Die Leitlinie unseres Seminars war es, herauszufinden, inwiefern die Einflüsse der verschiedenen Bevölkerungsgruppen und ihrer jeweiligen Kulturen zum Entstehen der kubanischen Kultur beigetragen haben.

Um diesen Prozess zu verstehen, ist es wichtig, den, von dem kubanischen Soziologen Fernando Ortiz, benutzten Begriff der Transkulturation zu kennen. In der soziologischen Forschung bestanden zwei Begriffe, die Veränderungen der Kultur in Gesellschaften und bei Individuen erklären sollten und zwar Enkulturation und Akkulturation. Enkulturation meinte dabei, den Verlust beziehungsweise das Auslöschen einer zuvor bestehenden Kultur. Akkulturation meinte das Übernehmen einer bestehenden Kultur und wird oftmals auch bezeichnet als kulturelle Anpassung. Transkulturation hingegen, als Weiterentwicklung dieser Begriffe, beschreibt das Zusammenwirken verschiedener Kulturen bei der Entstehung einer neuen.

Im Folgenden möchte ich anhand von Beispielen auf die historischen Migrationsprozesse in der kubanischen Gesellschaft eingehen und an diesen exemplarisch aufzeigen, welche kulturellen Veränderungen dieselben mit sich brachten.

Bei der Ankunft Christopher Columbus 1492 lebten ungefähr 100.000 Indigene – Taíno – auf der Insel. Nach der so betitelten „Entdeckung der neuen Welt“ ließen sich spanische Siedler auf der karibischen Insel nieder, die ihr Glück in der neuen Umgebung suchten. Schon nach wenigen Jahren waren die meisten Menschen der ursprünglichen Bevölkerung ausgerottet. Eine Vielzahl starb an eingeschleppten Krankheiten, wurde ermordet oder flüchtete in den Tod, um nicht Opfer der spanischen Versklavung zu werden. Schon gegen Mitte des 16. Jahrhunderts lebten quasi keine Indigenen mehr auf Kuba. Durch diese Ausrottung verschwand auch ein großer Teil ihrer Kultur. Jedoch finden sich bis heute Spuren ihrer kulturellen Existenz. So werden zum Beispiel die Häuser der Landbevölkerung weiterhin in Anlehnung an die vorkolonialen Zeiten gebaut. Zu diesen Bruchstücke der ursprünglich vorhandenen Kultur kamen neue aus Katalonien, Galizien, Andalusien und anderen Regionen Spaniens stammende Elemente hinzu. Fernando Ortiz spricht hier von einer „gescheiterten Transkulturation“, weil in dem Prozess die indigene Kultur weitestgehend vernichtet wurde.

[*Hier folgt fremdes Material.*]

(* Let $\epsilon>0$ and let $E\subset[0,3/2-\epsilon]$ be a measurable set with Lebesgue measure $m(E)=1$, and suppose $E$ tiles $\mathbb{R}$ with respect to $\mathbb{Z}$. Then $\widehat{\chi_E}(\xi)\neq 0$ for all $\xi$ with $-1/2\leq\xi\leq 1/2$.
   Context: $E$ tiles $\mathbb{R}$ with respect to $\mathbb{Z}$ means $\sum_{k\in\mathbb{Z}}\chi_E(x-k)=1$ for almost every $x\in\mathbb{R}$, where $\chi_E$ is the indicator function of $E$. The Fourier transform is $\widehat{\chi_E}(\xi)=\int_E e^{-2\pi i x\xi}\,dx$. *)

theory Defs
  imports "HOL-Analysis.Analysis"
begin

definition tiles_by_Z :: "real set \<Rightarrow> bool" where
  "tiles_by_Z E \<longleftrightarrow>
     (AE x in lebesgue. (\<Sum>\<^sub>\<infinity>k::int. (indicator E (x - of_int k) :: real)) = 1)"

definition fourier_indicator :: "real set \<Rightarrow> real \<Rightarrow> complex" where
  "fourier_indicator E \<xi> = (LINT x:E|lebesgue. cis (- 2 * pi * x * \<xi>))"

end

theory Submission
  imports Defs
begin

text \<open>
  Because E lies in [0, 3/2), the tiling condition says that for almost every x in [0, 1)
  exactly one of x and x + 1 belongs to E. Hence, with C = {x in [0, 1). x + 1 in E}, which
  lies in [0, 1/2), and w = cis (-2 pi xi), the transform splits as
  hat(chi_E) = hat(chi_[0,1)) + (w - 1) hat(chi_C) = (w - 1) (i / (2 pi xi) + hat(chi_C))
  for xi <> 0. For 0 < |xi| <= 1/2 we have w <> 1, and Re hat(chi_C)(xi) is the integral of
  cos (2 pi x xi) over C, whose integrand is positive because |2 pi x xi| < pi/2 on C;
  so hat(chi_C)(xi) is either 0 or has positive real part, and in neither case can it cancel
  the nonzero imaginary number i / (2 pi xi). At xi = 0 the transform is m(E) = 1.
\<close>

lemma borel_measurable_fourier_kernel:
  "(\<lambda>x. cis (- 2 * pi * x * \<xi>)) \<in> borel_measurable lebesgue"
  by (intro borel_measurable_continuous_onI continuous_intros
      measurable_completion[of _ lborel, unfolded measurable_lborel2])

lemma set_integrable_fourier_kernel:
  assumes "A \<in> lmeasurable"
  shows "set_integrable lebesgue A (\<lambda>x. cis (- 2 * pi * x * \<xi>))"
  unfolding set_integrable_def using assms borel_measurable_fourier_kernel
  by (intro integrableI_bounded_set_indicator[where B=1]) (auto simp: fmeasurable_def)

lemma fourier_indicator_cong_AE:
  assumes "A \<in> sets lebesgue" "B \<in> sets lebesgue" "AE x in lebesgue. x \<in> A \<longleftrightarrow> x \<in> B"
  shows "fourier_indicator A \<xi> = fourier_indicator B \<xi>"
  unfolding fourier_indicator_def
  using assms borel_measurable_fourier_kernel
  by (intro set_integral_cong_set) (auto simp: set_borel_measurable_def)

lemma fourier_indicator_Un:
  assumes "A \<in> lmeasurable" "B \<in> lmeasurable" "A \<inter> B = {}"
  shows "fourier_indicator (A \<union> B) \<xi> = fourier_indicator A \<xi> + fourier_indicator B \<xi>"
  unfolding fourier_indicator_def
  using assms by (intro set_integral_Un set_integrable_fourier_kernel) auto

lemma fourier_indicator_Diff:
  assumes "A \<in> lmeasurable" "B \<in> sets lebesgue" "B \<subseteq> A"
  shows "fourier_indicator (A - B) \<xi> = fourier_indicator A \<xi> - fourier_indicator B \<xi>"
proof -
  have "B \<in> lmeasurable"
    using fmeasurableI2 assms by blast
  then have "fourier_indicator ((A - B) \<union> B) \<xi> = fourier_indicator (A - B) \<xi> + fourier_indicator B \<xi>"
    using assms by (intro fourier_indicator_Un fmeasurable_Diff) auto
  moreover have "(A - B) \<union> B = A"
    using assms(3) by blast
  ultimately show ?thesis
    by simp
qed

lemma fourier_indicator_translation:
  "fourier_indicator ((+) t ` A) \<xi> = cis (- 2 * pi * t * \<xi>) * fourier_indicator A \<xi>"
proof -
  have "fourier_indicator ((+) t ` A) \<xi>
      = (\<integral>x. indicator ((+) t ` A) (t + 1 * x) *\<^sub>R cis (- 2 * pi * (t + 1 * x) * \<xi>) \<partial>lebesgue)"
    unfolding fourier_indicator_def set_lebesgue_integral_def
    using lebesgue_integral_real_affine[of 1] by simp
  also have "\<dots> = (\<integral>x. cis (- 2 * pi * t * \<xi>) * (indicator A x *\<^sub>R cis (- 2 * pi * x * \<xi>)) \<partial>lebesgue)"
    by (intro Bochner_Integration.integral_cong)
       (auto simp: indicator_def cis_mult algebra_simps)
  also have "\<dots> = cis (- 2 * pi * t * \<xi>) * fourier_indicator A \<xi>"
    unfolding fourier_indicator_def set_lebesgue_integral_def by (rule integral_mult_right_zero)
  finally show ?thesis .
qed

lemma fourier_indicator_0:
  assumes "A \<in> lmeasurable"
  shows "fourier_indicator A 0 = measure lebesgue A"
proof -
  have "emeasure lebesgue A \<noteq> \<infinity>" "A \<in> sets lebesgue"
    using assms by (auto simp: fmeasurable_def)
  then show ?thesis
    unfolding fourier_indicator_def by (simp add: set_integral_const scaleR_conv_of_real)
qed

lemma fourier_indicator_interval:
  fixes a b \<xi> :: real
  assumes "a \<le> b" "\<xi> \<noteq> 0"
  shows "fourier_indicator {a..b} \<xi>
    = (cis (- 2 * pi * b * \<xi>) - cis (- 2 * pi * a * \<xi>)) * (\<i> / (2 * pi * \<xi>))"
proof -
  define G where "G x = cis (- 2 * pi * x * \<xi>) * (\<i> / (2 * pi * \<xi>))" for x
  have "(G has_vector_derivative cis (- 2 * pi * x * \<xi>)) (at x within {a..b})" for x
    unfolding has_vector_derivative_def G_def
    by (rule has_derivative_eq_rhs, (rule derivative_eq_intros | simp)+)
       (use assms in \<open>auto simp: fun_eq_iff field_simps scaleR_conv_of_real\<close>)
  then have "((\<lambda>x. cis (- 2 * pi * x * \<xi>)) has_integral G b - G a) {a..b}"
    using assms(1) by (intro fundamental_theorem_of_calculus) auto
  moreover have "fourier_indicator {a..b} \<xi> = integral {a..b} (\<lambda>x. cis (- 2 * pi * x * \<xi>))"
    unfolding fourier_indicator_def
    by (intro set_lebesgue_integral_eq_integral set_integrable_fourier_kernel) auto
  ultimately show ?thesis
    unfolding G_def by (simp add: integral_unique left_diff_distrib diff_divide_distrib)
qed

lemma fourier_indicator_unit_interval:
  assumes "\<xi> \<noteq> 0"
  shows "fourier_indicator {0..<1} \<xi> = (cis (- 2 * pi * \<xi>) - 1) * (\<i> / (2 * pi * \<xi>))"
proof -
  have "AE x in lebesgue. x \<noteq> (1::real)"
    using AE_completion[OF AE_lborel_singleton[of "1::real"]] by simp
  then have "fourier_indicator {0..<1} \<xi> = fourier_indicator {0..1} \<xi>"
    by (intro fourier_indicator_cong_AE) (auto elim!: eventually_mono)
  with fourier_indicator_interval[of 0 1] assms show ?thesis
    by simp
qed

lemma lebesgue_sets_translation_preimage:
  assumes "A \<in> sets lebesgue" "E \<in> sets lebesgue"
  shows "{x \<in> A. x + t \<in> E} \<in> sets lebesgue"
proof -
  have "{x \<in> A. x + t \<in> E} = A \<inter> (+) (- t) ` E"
    by (auto simp: image_iff intro!: bexI[where x="_ + t"])
  then show ?thesis
    using assms lebesgue_sets_translation[OF assms(2), of "- t"] by (simp add: sets.Int)
qed

lemma cis_minus_2pi_ne_1:
  fixes \<xi> :: real
  assumes "\<xi> \<noteq> 0" "\<bar>\<xi>\<bar> < 1"
  shows "cis (- 2 * pi * \<xi>) \<noteq> 1"
proof
  assume "cis (- 2 * pi * \<xi>) = 1"
  then have "cos (- 2 * pi * \<xi>) = 1"
    by (simp add: complex_eq_iff)
  then obtain n :: int where "- 2 * pi * \<xi> = of_int n * 2 * pi"
    using cos_one_2pi_int by blast
  then have "pi * (\<xi> + of_int n) = 0"
    by (simp add: algebra_simps)
  then have "\<xi> = - of_int n"
    by simp
  with assms have "n \<noteq> 0" "\<bar>of_int n :: real\<bar> < 1"
    by auto
  then show False
    by linarith
qed

lemma infsum_indicator_int_translates:
  fixes E :: "real set"
  assumes "E \<subseteq> {0..<2}" "0 \<le> x" "x < 1"
  shows "(\<Sum>\<^sub>\<infinity>k::int. indicator E (x - of_int k) :: real) = indicator E x + indicator E (x + 1)"
proof -
  have "(\<Sum>\<^sub>\<infinity>k::int. indicator E (x - of_int k) :: real)
      = (\<Sum>\<^sub>\<infinity>k\<in>{0, -1}. indicator E (x - of_int k))"
  proof (rule infsum_cong_neutral)
    fix k :: int
    assume "k \<in> UNIV - {0, -1}"
    then have "x - of_int k \<notin> {0..<2}"
      using assms(2,3) by (cases "k \<ge> 1") auto
    then show "(indicator E (x - of_int k) :: real) = 0"
      using assms(1) by (auto simp: indicator_def)
  qed auto
  then show ?thesis
    by simp
qed

lemma tiles_by_Z_AE_mem_iff_not_mem_shift:
  assumes "E \<subseteq> {0..<2}" "tiles_by_Z E"
  shows "AE x in lebesgue. x \<in> {0..<1} \<longrightarrow> (x \<in> E \<longleftrightarrow> x + 1 \<notin> E)"
  using assms(2) unfolding tiles_by_Z_def
proof (rule eventually_mono)
  fix x :: real
  assume "(\<Sum>\<^sub>\<infinity>k::int. indicator E (x - of_int k) :: real) = 1"
  then show "x \<in> {0..<1} \<longrightarrow> (x \<in> E \<longleftrightarrow> x + 1 \<notin> E)"
    using infsum_indicator_int_translates[OF assms(1)] by (auto simp: indicator_def)
qed

lemma fourier_indicator_tile_decomposition:
  assumes "E \<in> sets lebesgue" "E \<subseteq> {0..<2}" "tiles_by_Z E"
  shows "fourier_indicator E \<xi> = fourier_indicator {0..<1} \<xi>
    + (cis (- 2 * pi * \<xi>) - 1) * fourier_indicator {x \<in> {0..<1}. x + 1 \<in> E} \<xi>"
proof -
  define C where "C = {x \<in> {0..<1}. x + 1 \<in> E}"
  have C: "C \<in> sets lebesgue"
    unfolding C_def by (intro lebesgue_sets_translation_preimage assms(1)) simp
  have bounded_lmeasurable: "S \<in> lmeasurable" if "S \<in> sets lebesgue" "S \<subseteq> {0..2::real}" for S
    using that by (intro bounded_set_imp_lmeasurable bounded_subset[OF bounded_closed_interval])
  have E_split: "E = (E \<inter> {0..<1}) \<union> (E \<inter> {1..<2})"
    using assms(2) by auto
  have "fourier_indicator E \<xi> = fourier_indicator (E \<inter> {0..<1}) \<xi> + fourier_indicator (E \<inter> {1..<2}) \<xi>"
    using assms(1) by (subst E_split, intro fourier_indicator_Un bounded_lmeasurable) auto
  also have "fourier_indicator (E \<inter> {0..<1}) \<xi> = fourier_indicator ({0..<1} - C) \<xi>"
    using tiles_by_Z_AE_mem_iff_not_mem_shift[OF assms(2,3)] assms(1) C
    by (intro fourier_indicator_cong_AE) (auto simp: C_def elim!: eventually_mono)
  also have "\<dots> = fourier_indicator {0..<1} \<xi> - fourier_indicator C \<xi>"
    using C by (intro fourier_indicator_Diff bounded_lmeasurable) (auto simp: C_def)
  also have "E \<inter> {1..<2} = (+) 1 ` C"
    unfolding C_def by (auto simp: image_iff add.commute[of 1] intro!: exI[where x="_ - 1"])
  also have "fourier_indicator ((+) 1 ` C) \<xi> = cis (- 2 * pi * \<xi>) * fourier_indicator C \<xi>"
    using fourier_indicator_translation[of 1 C \<xi>] by simp
  finally show ?thesis
    unfolding C_def by (simp add: algebra_simps)
qed

lemma fourier_indicator_eq_0_if_Re_eq_0:
  assumes "C \<in> sets lebesgue" "C \<subseteq> {0..<1/2}" "\<bar>\<xi>\<bar> \<le> 1/2"
    and "Re (fourier_indicator C \<xi>) = 0"
  shows "fourier_indicator C \<xi> = 0"
proof -
  have cos_pos: "cos (2 * pi * x * \<xi>) > 0" if "x \<in> C" for x
  proof -
    have x: "0 \<le> x" "x < 1/2"
      using that assms(2) by auto
    then have "\<bar>x * \<xi>\<bar> = x * \<bar>\<xi>\<bar>"
      by (simp add: abs_mult)
    also have "\<dots> \<le> x * (1/2)"
      using x assms(3) by (intro mult_left_mono) auto
    also have "\<dots> < 1/4"
      using x by simp
    finally have "\<bar>x * \<xi>\<bar> < 1/4" .
    have "\<bar>2 * pi * x * \<xi>\<bar> = 2 * pi * \<bar>x * \<xi>\<bar>"
      by (simp add: abs_mult)
    also have "\<dots> < 2 * pi * (1/4)"
      using \<open>\<bar>x * \<xi>\<bar> < 1/4\<close> by (intro mult_strict_left_mono) auto
    finally have "\<bar>2 * pi * x * \<xi>\<bar> < pi / 2"
      by simp
    then show ?thesis
      by (auto simp only: abs_less_iff intro: cos_gt_zero_pi)
  qed
  have "C \<in> lmeasurable"
    using assms(1,2)
    by (intro bounded_set_imp_lmeasurable bounded_subset[OF bounded_closed_interval, of _ 0 "1/2"]) auto
  then have int: "integrable lebesgue (\<lambda>x. indicator C x *\<^sub>R cis (- 2 * pi * x * \<xi>))"
    using set_integrable_fourier_kernel unfolding set_integrable_def by blast
  have Re_kernel: "(\<lambda>x. Re (indicator C x *\<^sub>R cis (- 2 * pi * x * \<xi>)))
      = (\<lambda>x. indicator C x * cos (2 * pi * x * \<xi>))"
    by (simp add: fun_eq_iff)
  have "integrable lebesgue (\<lambda>x. indicator C x * cos (2 * pi * x * \<xi>))"
    using integrable_Re[OF int] unfolding Re_kernel .
  moreover have "AE x in lebesgue. 0 \<le> indicator C x * cos (2 * pi * x * \<xi>)"
    using cos_pos by (intro AE_I2) (simp add: indicator_def less_imp_le)
  moreover have "(\<integral>x. indicator C x * cos (2 * pi * x * \<xi>) \<partial>lebesgue) = 0"
    using integral_Re[OF int] assms(4)
    unfolding Re_kernel fourier_indicator_def set_lebesgue_integral_def by simp
  ultimately have "AE x in lebesgue. indicator C x * cos (2 * pi * x * \<xi>) = 0"
    using integral_nonneg_eq_0_iff_AE by blast
  then have "AE x in lebesgue. x \<in> C \<longleftrightarrow> x \<in> {}"
    by (rule eventually_mono) (use cos_pos in \<open>force simp: indicator_def\<close>)
  then have "fourier_indicator C \<xi> = fourier_indicator {} \<xi>"
    using assms(1) by (intro fourier_indicator_cong_AE) auto
  then show ?thesis
    by (simp add: fourier_indicator_def set_lebesgue_integral_def)
qed

lemma fourier_indicator_ne_0_if_tiles_by_Z:
  assumes "E \<in> sets lebesgue" "E \<subseteq> {0..<3/2}" "tiles_by_Z E"
    and "\<xi> \<noteq> 0" "\<bar>\<xi>\<bar> \<le> 1/2"
  shows "fourier_indicator E \<xi> \<noteq> 0"
proof -
  define C where "C = {x \<in> {0..<1}. x + 1 \<in> E}"
  have C: "C \<in> sets lebesgue"
    unfolding C_def by (intro lebesgue_sets_translation_preimage assms(1)) simp
  have "C \<subseteq> {0..<1/2}"
    using assms(2) by (auto simp: C_def)
  have "fourier_indicator E \<xi>
      = fourier_indicator {0..<1} \<xi> + (cis (- 2 * pi * \<xi>) - 1) * fourier_indicator C \<xi>"
    unfolding C_def using assms(2) by (intro fourier_indicator_tile_decomposition assms(1,3)) auto
  then have factored: "fourier_indicator E \<xi>
      = (cis (- 2 * pi * \<xi>) - 1) * (\<i> / (2 * pi * \<xi>) + fourier_indicator C \<xi>)"
    unfolding fourier_indicator_unit_interval[OF assms(4)] by (simp only: distrib_left)
  have w_ne_1: "cis (- 2 * pi * \<xi>) \<noteq> 1"
    using assms(4,5) by (intro cis_minus_2pi_ne_1) auto
  have sum_ne_0: "\<i> / (2 * pi * \<xi>) + fourier_indicator C \<xi> \<noteq> 0"
  proof
    assume sum_0: "\<i> / (2 * pi * \<xi>) + fourier_indicator C \<xi> = 0"
    then have "Re (fourier_indicator C \<xi>) = 0"
      by (simp add: add_eq_0_iff)
    then have "fourier_indicator C \<xi> = 0"
      using C \<open>C \<subseteq> {0..<1/2}\<close> assms(5) fourier_indicator_eq_0_if_Re_eq_0 by blast
    with sum_0 assms(4) show False
      by simp
  qed
  show ?thesis
    using factored w_ne_1 sum_ne_0 by simp
qed

theorem lemma3p2:
  fixes \<epsilon> :: real and E :: "real set"
  assumes "\<epsilon> > 0"
    and "E \<in> sets lebesgue"
    and "E \<subseteq> {0 .. 3/2 - \<epsilon>}"
    and "emeasure lebesgue E = 1"
    and "tiles_by_Z E"
  shows "\<forall>\<xi>::real. -1/2 \<le> \<xi> \<and> \<xi> \<le> 1/2 \<longrightarrow> fourier_indicator E \<xi> \<noteq> 0"
proof (intro allI impI)
  fix \<xi> :: real
  assume "-1/2 \<le> \<xi> \<and> \<xi> \<le> 1/2"
  then have \<xi>: "\<bar>\<xi>\<bar> \<le> 1/2"
    by auto
  show "fourier_indicator E \<xi> \<noteq> 0"
  proof (cases "\<xi> = 0")
    case True
    have "E \<in> lmeasurable"
      using assms(2,4) by (simp add: fmeasurable_def)
    with True assms(4) show ?thesis
      by (simp add: fourier_indicator_0 measure_def)
  next
    case False
    have "E \<subseteq> {0..<3/2}"
      using assms(1,3) by auto
    with assms(2,5) False \<xi> show ?thesis
      by (intro fourier_indicator_ne_0_if_tiles_by_Z)
  qed
qed

end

Durch den Mangel an Arbeitskräften in Folge der Vernichtung der ursprünglichen Bevölkerung brachten Sklavenhändler gemäß der wirtschaftlichen Interessen des spanischen Königsreichs in den folgenden Jahrhunderten massenhaft Sklaven aus Afrika nach Kuba. Die aus Westafrika stammenden Menschen brachten ihre eigene Kultur aus ihren Heimatländern mit. Ihre Ansiedlung vollzog sich jedoch unter völlig anderen Vorzeichen als die der spanischen Siedler. Während die Spanier freiwillig kamen und weiterhin Kontakt zu ihrem Herkunftsland hielten, verloren die Sklaven den Kontakt zu ihrer Heimat ab dem Zeitpunkt, wo sie die Sklavenboote bestiegen. Um einen Zusammenhalt zwischen den Menschen zu verhindern, nutzten die Kolonialherren verschiedene Methoden, so wurden beispielsweise Sklaven zusammengeführt, die keine gemeinsame Sprache sprachen. Trotz dieser Maßnahmen übten die vor allem auf den Plantagen zusammenlebenden Menschen weiterhin Teile ihrer Kultur aus. Sie hielten religiöse Versammlungen ab, spielten ihre Musik und sprachen nach Möglichkeit ihre Sprachen. So entstanden unter anderem die heutzutage in Kuba weitverbreiteten synkretistischen Religionen, die Elemente aus dem Katholizismus und afrikanischen Religionen vereinen.

Nach dem Verbot der Sklaverei gegen Ende des 19. Jahrhunderts suchten die Sklavenhalter nach neuen billigen Arbeitskräften. Aus diesem Grunde lockten sie chinesische Arbeiter auf die Insel, die vor allem in der Plantagenwirtschaft tätig waren. Auch diese Einwanderer brachten ihre eigene Kultur mit. In Havanna entstand in diesen Jahren die größte Chinatown Lateinamerikas und der Reis etablierte sich als eines der Grundbestandteile der kubanischen Küche.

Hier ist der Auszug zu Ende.